lemma extendable_if_peers_extend:
  assumes "S \<noteq> {}"
    and F: "\<And>b. b \<in> S \<Longrightarrow> extension (in_subtree (child b)) c K (peers b) g (F (attachment b))"
  shows "extendable c K S g"
proof -
  define f where "f x = (if x \<in> K then g x else F (attachment x) x)" for x
  have peers_iff: "x \<in> peers b \<longleftrightarrow> x \<in> S \<and> attachment x = attachment b" for b x
    unfolding attached_def by auto
  have f_F: "f x = F (attachment b) x" if "b \<in> S" "x \<in> K \<union> peers b" for b x
    using that F[OF that(1)] peers_disjoint_K[of b] peers_iff[of x b]
    unfolding f_def extension_def by auto
  have f_ext: "extension (in_subtree (child b)) c K (peers b) g f" if "b \<in> S" for b
  proof -
    have eq: "\<And>x. x \<in> K \<union> peers b \<Longrightarrow> f x = F (attachment b) x" using f_F that by blast
    have "embeds (F (attachment b)) (K \<union> peers b)"
      using F[OF that] unfolding extension_def by blast
    then have "embeds f (K \<union> peers b)" using eq by (rule embeds_cong)
    then show ?thesis using F[OF that] eq unfolding extension_def by auto
  qed
  have "embeds f (\<Union>b\<in>S. K \<union> peers b)"
  proof (rule embeds_UN)
    fix b assume "b \<in> S"
    then show "embeds f (K \<union> peers b)"
      using f_ext unfolding extension_def by blast
  next
    fix b b' x y assume bb': "b \<in> S" "b' \<in> S" and xy: "x \<in> K \<union> peers b - (K \<union> peers b')"
      "y \<in> K \<union> peers b' - (K \<union> peers b)"
    then have x: "x \<in> S" "x \<in> peers b" and y: "y \<in> S" "y \<in> peers b'"
      and ne: "attachment x \<noteq> attachment y"
      using peers_iff by auto
    have "in_subtree (child x) (f x)" "in_subtree (child y) (f y)"
      using f_ext[OF bb'(1)] f_ext[OF bb'(2)] x y peers_iff[of x b] peers_iff[of y b']
      unfolding extension_def by auto
    then show "f x \<noteq> f y \<and> \<not> adj x y \<and> {f x, f y} \<notin> EB \<union> ER"
      using children_for_anticomplete[OF x(1) y(1) ne] attachment_adj[OF x(1) y(1)] ne by auto
  qed
  moreover have "(\<Union>b\<in>S. K \<union> peers b) = K \<union> S"
    using assms(1) peers_iff by blast
  moreover have "f y \<in> X \<and> below c (f y) \<and>
      (\<forall>z. level z \<le> level c \<longrightarrow> z \<notin> g ` K \<longrightarrow> {f y, z} \<notin> EB \<union> ER)" if "y \<in> S" for y
  proof -
    have "y \<in> peers y" using that peers_iff by simp
    then show ?thesis
      using f_ext[OF that] below_if_in_subtree_child child_for_attachment[OF that]
      unfolding extension_def by blast
  qed
  moreover have "\<forall>a\<in>K. f a = g a" unfolding f_def by simp
  ultimately show ?thesis
    unfolding extendable_def extension_def by auto
qed

text \<open>If the child chosen for \<open>b\<close> is in \<open>X\<close>, the head of \<open>b\<close> is mapped to it and fewer vertices
  remain; otherwise only the peers of \<open>b\<close> remain, which are fewer than \<open>S\<close> except in the excluded
  case.\<close>
lemma peers_extension:
  assumes b: "b \<in> S"
    and IH: "\<And>c' K' S' g'. card S' < card S \<Longrightarrow> config c' K' S' g' \<Longrightarrow> meets_X_below c' (card S') \<Longrightarrow>
      extendable c' K' S' g'"
    and meets: "meets_X_below c (card S)"
    and not_excluded: "child b \<notin> X \<Longrightarrow> peers b = S \<Longrightarrow> extendable (child b) (head_nbrs b) S g"
  shows "\<exists>f. extension (in_subtree (child b)) c (head_nbrs b) (peers b) g f"
proof -
  have meets_child: "meets_X_below (child b) (if child b \<in> X then card S - 1 else card S)"
    using meets_X_below_child[OF meets child_for_in_V[OF b] child_not_root[OF b] child_for_attachment(2)[OF b]] .
  have "head_nbrs b \<subseteq> K" "peers b \<subseteq> S" "head b \<in> peers b" "head b \<notin> head_nbrs b"
    using head_nbrs_subset[of b] attached_subset head_attached[OF b] head_notin_K[OF b] by auto
  show ?thesis
  proof (cases "child b \<in> X")
    case True
    define K' where "K' = insert (head b) (head_nbrs b)"
    define S' where "S' = peers b - {head b}"
    define g' where "g' = g(head b := child b)"
    have "S' \<subset> S" unfolding S'_def using \<open>peers b \<subseteq> S\<close> \<open>head b \<in> peers b\<close> by blast
    then have "card S' < card S" using psubset_card_mono[OF finite_S] by blast
    moreover have "config (child b) K' S' g'"
      unfolding K'_def S'_def g'_def using config_child_in_X[OF b True] .
    moreover have "meets_X_below (child b) (card S')"
      using meets_child True \<open>card S' < card S\<close> by (auto intro: meets_X_below_mono)
    ultimately obtain f where "extension (below (child b)) (child b) K' S' g' f"
      using IH unfolding extendable_def by blast
    moreover have "head_nbrs b \<subseteq> K'" "K' \<union> S' = head_nbrs b \<union> peers b"
      "\<forall>a\<in>head_nbrs b. g' a = g a" "\<forall>x\<in>K' - head_nbrs b. g' x = child b \<and> child b \<in> X"
      unfolding K'_def S'_def g'_def using True \<open>head b \<in> peers b\<close> \<open>head b \<notin> head_nbrs b\<close> by auto
    ultimately show ?thesis
      using extension_from_child[OF b] by blast
  next
    case False
    have "extendable (child b) (head_nbrs b) (peers b) g"
    proof (cases "peers b = S")
      case False
      then have "card (peers b) < card S"
        using \<open>peers b \<subseteq> S\<close> finite_S by (meson psubsetI psubset_card_mono)
      moreover have "meets_X_below (child b) (card (peers b))"
        using meets_child \<open>child b \<notin> X\<close> calculation by (auto intro: meets_X_below_mono)
      ultimately show ?thesis using IH config_child[OF b] by blast
    qed (use not_excluded False in simp)
    then obtain f where "extension (below (child b)) (child b) (head_nbrs b) (peers b) g f"
      unfolding extendable_def by blast
    then show ?thesis
      using extension_from_child[OF b, of "head_nbrs b" "peers b" g f] by auto
  qed
qed

lemma bad_child_if_not_extendable:
  assumes IH: "\<And>c' K' S' g'. card S' < card S \<Longrightarrow> config c' K' S' g' \<Longrightarrow> meets_X_below c' (card S') \<Longrightarrow>
      extendable c' K' S' g'"
    and meets: "meets_X_below c (card S)" and bad: "\<not> extendable c K S g"
  shows "\<exists>w K'. w \<in> V \<and> w \<noteq> root \<and> par w = c \<and> w \<notin> X \<and>
    config w K' S g \<and> meets_X_below w (card S) \<and> \<not> extendable w K' S g"
proof (rule ccontr)
  assume no_bad_child: "\<not> ?thesis"
  have "\<exists>f. extension (in_subtree (child b)) c (head_nbrs b) (peers b) g f" if b: "b \<in> S" for b
  proof (rule peers_extension[OF b IH meets])
    assume "child b \<notin> X" "peers b = S"
    then show "extendable (child b) (head_nbrs b) S g"
      using no_bad_child config_child[OF b] child_for_in_V[OF b] child_not_root[OF b]
        child_for_attachment(2)[OF b] meets_X_below_child[OF meets] by fastforce
  qed
  then have "\<forall>l\<in>attachment ` S. \<exists>f. extension (in_subtree (child_for l)) c (fst l \<union> snd l) (attached l) g f"
    by blast
  then obtain F where F: "\<forall>l\<in>attachment ` S.
      extension (in_subtree (child_for l)) c (fst l \<union> snd l) (attached l) g (F l)"
    by (metis bchoice)
  have "extendable c K S g"
  proof (rule extendable_if_peers_extend[where F = "\<lambda>l x. if x \<in> K then g x else F l x"])
    show "S \<noteq> {}" using bad extendable_empty by blast
    fix b assume "b \<in> S"
    then show "extension (in_subtree (child b)) c K (peers b) g (\<lambda>x. if x \<in> K then g x else F (attachment b) x)"
      using extension_to_K F by simp
  qed
  then show False using bad by blast
qed

end

lemma config_extendable: "config c K S g \<Longrightarrow> meets_X_below c (card S) \<Longrightarrow> extendable c K S g"
proof (induction "card S" arbitrary: c K S g rule: less_induct)
  case less
  show ?case
  proof (rule ccontr)
    assume bad: "\<not> extendable c K S g"
    then have "S \<noteq> {}" using extendable_empty[OF less.prems(1)] by blast
    then have "card S \<ge> 1" using finite_S[OF less.prems(1)] by (simp add: Suc_le_eq card_gt_0_iff)
    define Q where "Q y \<longleftrightarrow> config (fst y) (snd y) S g \<and> meets_X_below (fst y) (card S) \<and>
      \<not> extendable (fst y) (snd y) S g" for y
    have "\<exists>y. Q y \<and> fst y \<in> V \<and> fst y \<noteq> root \<and> par (fst y) = fst x \<and> fst y \<notin> X" if "Q x" for x
      using bad_child_if_not_extendable[of "fst x" "snd x" S g] less.hyps that unfolding Q_def by force
    moreover have "Q (c, K)" unfolding Q_def using less.prems bad by simp
    ultimately obtain p where "downward_path V root par c p" "\<forall>k. p (Suc k) \<notin> X"
      using downward_path_iterate[of Q fst V root par X "(c, K)"] by auto
    then show False
      using not_meets_X_below_if_avoiding less.prems(2) \<open>card S \<ge> 1\<close> by blast
  qed
qed

lemma short_downward_path:
  assumes u: "u \<in> V" and H_free: "H_free_on VH EBH ERH X EB ER"
  shows "\<exists>p. downward_path V root par u p \<and> finite (range p \<inter> X) \<and> card (range p \<inter> X) \<le> card VH - 1"
proof (rule ccontr)
  assume "\<not> ?thesis"
  then have meets: "meets_X_below u (if u \<in> X then card VH - 1 else Suc (card VH - 1))"
    by (intro meets_X_below_initial) blast
  have no_copy: "\<not> contains_induced VH EBH ERH X EB ER"
    using H_free unfolding H_free_on_def .
  then have "VH \<noteq> {}" unfolding contains_induced_def by auto
  then obtain v0 where v0: "v0 \<in> VH" by blast
  have u_Nup: "u \<in> Nup Ls EB ER (level u) u" unfolding Nup_def by simp
  obtain K S where KS: "config u K S (\<lambda>_. u)" "K \<union> S = VH" "meets_X_below u (card S)"
  proof (cases "u \<in> X")
    case True
    have "config u {v0} (VH - {v0}) (\<lambda>_. u)"
      using u v0 True u_Nup adj_H_in_VH unfolding config_def embeds_def clique_def by auto
    moreover have "card (VH - {v0}) = card VH - 1" using v0 finite_VG by simp
    ultimately show thesis using that[of "{v0}" "VH - {v0}"] meets True v0 by auto
  next
    case False
    have "config u {} VH (\<lambda>_. u)"
      using u adj_H_in_VH unfolding config_def embeds_def clique_def by auto
    moreover have "Suc (card VH - 1) = card VH" using \<open>VH \<noteq> {}\<close> finite_VG by (simp add: card_gt_0_iff)
    ultimately show thesis using that[of "{}" VH] meets False by auto
  qed
  then show False
    using config_extendable contains_induced_if_extendable no_copy by blast
qed

end

theorem lemma4p11:
  fixes t :: nat
    and V :: "'v set" and root :: 'v and Ls :: "nat \<Rightarrow> 'v list" and par :: "'v \<Rightarrow> 'v"
    and lab :: "'v \<Rightarrow> 'v set \<times> 'v set \<times> bool" and EB ER :: "'v set set"
    and VH :: "'h set" and EBH ERH :: "'h set set"
    and X :: "'v set" and u :: 'v
  assumes "t \<ge> 1"
    and "Gt_construction t V root Ls par lab EB ER"
    and "trigraph VH EBH ERH" and "finite VH"
    and "chordal_trigraph VH EBH ERH"
    and "clique_number_le VH (EBH \<union> ERH) (t + 1)"
    and "triangle_free VH EBH"
    and "X \<subseteq> V"
    and "H_free_on VH EBH ERH X EB ER"
    and "u \<in> V"
  shows "\<exists>p. downward_path V root par u p \<and>
             finite (range p \<inter> X) \<and> card (range p \<inter> X) \<le> card VH - 1"
proof -
  interpret greedy_embedding t V root Ls par lab EB ER VH EBH ERH X
    by unfold_locales (use assms in \<open>auto simp: chordal_trigraph_def\<close>)
  show ?thesis using short_downward_path assms(9,10) by blast
qed

end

* * *

◆ ASSIGNMENT ◆
Copy exactly the lines from the top of the entries through the line with "using peers_iff by auto" in it, please, keeping both ends and adding nothing.

◆ EXERCISE SOLUTION ◆
lemma extendable_if_peers_extend:
  assumes "S \<noteq> {}"
    and F: "\<And>b. b \<in> S \<Longrightarrow> extension (in_subtree (child b)) c K (peers b) g (F (attachment b))"
  shows "extendable c K S g"
proof -
  define f where "f x = (if x \<in> K then g x else F (attachment x) x)" for x
  have peers_iff: "x \<in> peers b \<longleftrightarrow> x \<in> S \<and> attachment x = attachment b" for b x
    unfolding attached_def by auto
  have f_F: "f x = F (attachment b) x" if "b \<in> S" "x \<in> K \<union> peers b" for b x
    using that F[OF that(1)] peers_disjoint_K[of b] peers_iff[of x b]
    unfolding f_def extension_def by auto
  have f_ext: "extension (in_subtree (child b)) c K (peers b) g f" if "b \<in> S" for b
  proof -
    have eq: "\<And>x. x \<in> K \<union> peers b \<Longrightarrow> f x = F (attachment b) x" using f_F that by blast
    have "embeds (F (attachment b)) (K \<union> peers b)"
      using F[OF that] unfolding extension_def by blast
    then have "embeds f (K \<union> peers b)" using eq by (rule embeds_cong)
    then show ?thesis using F[OF that] eq unfolding extension_def by auto
  qed
  have "embeds f (\<Union>b\<in>S. K \<union> peers b)"
  proof (rule embeds_UN)
    fix b assume "b \<in> S"
    then show "embeds f (K \<union> peers b)"
      using f_ext unfolding extension_def by blast
  next
    fix b b' x y assume bb': "b \<in> S" "b' \<in> S" and xy: "x \<in> K \<union> peers b - (K \<union> peers b')"
      "y \<in> K \<union> peers b' - (K \<union> peers b)"
    then have x: "x \<in> S" "x \<in> peers b" and y: "y \<in> S" "y \<in> peers b'"
      and ne: "attachment x \<noteq> attachment y"
      using peers_iff by auto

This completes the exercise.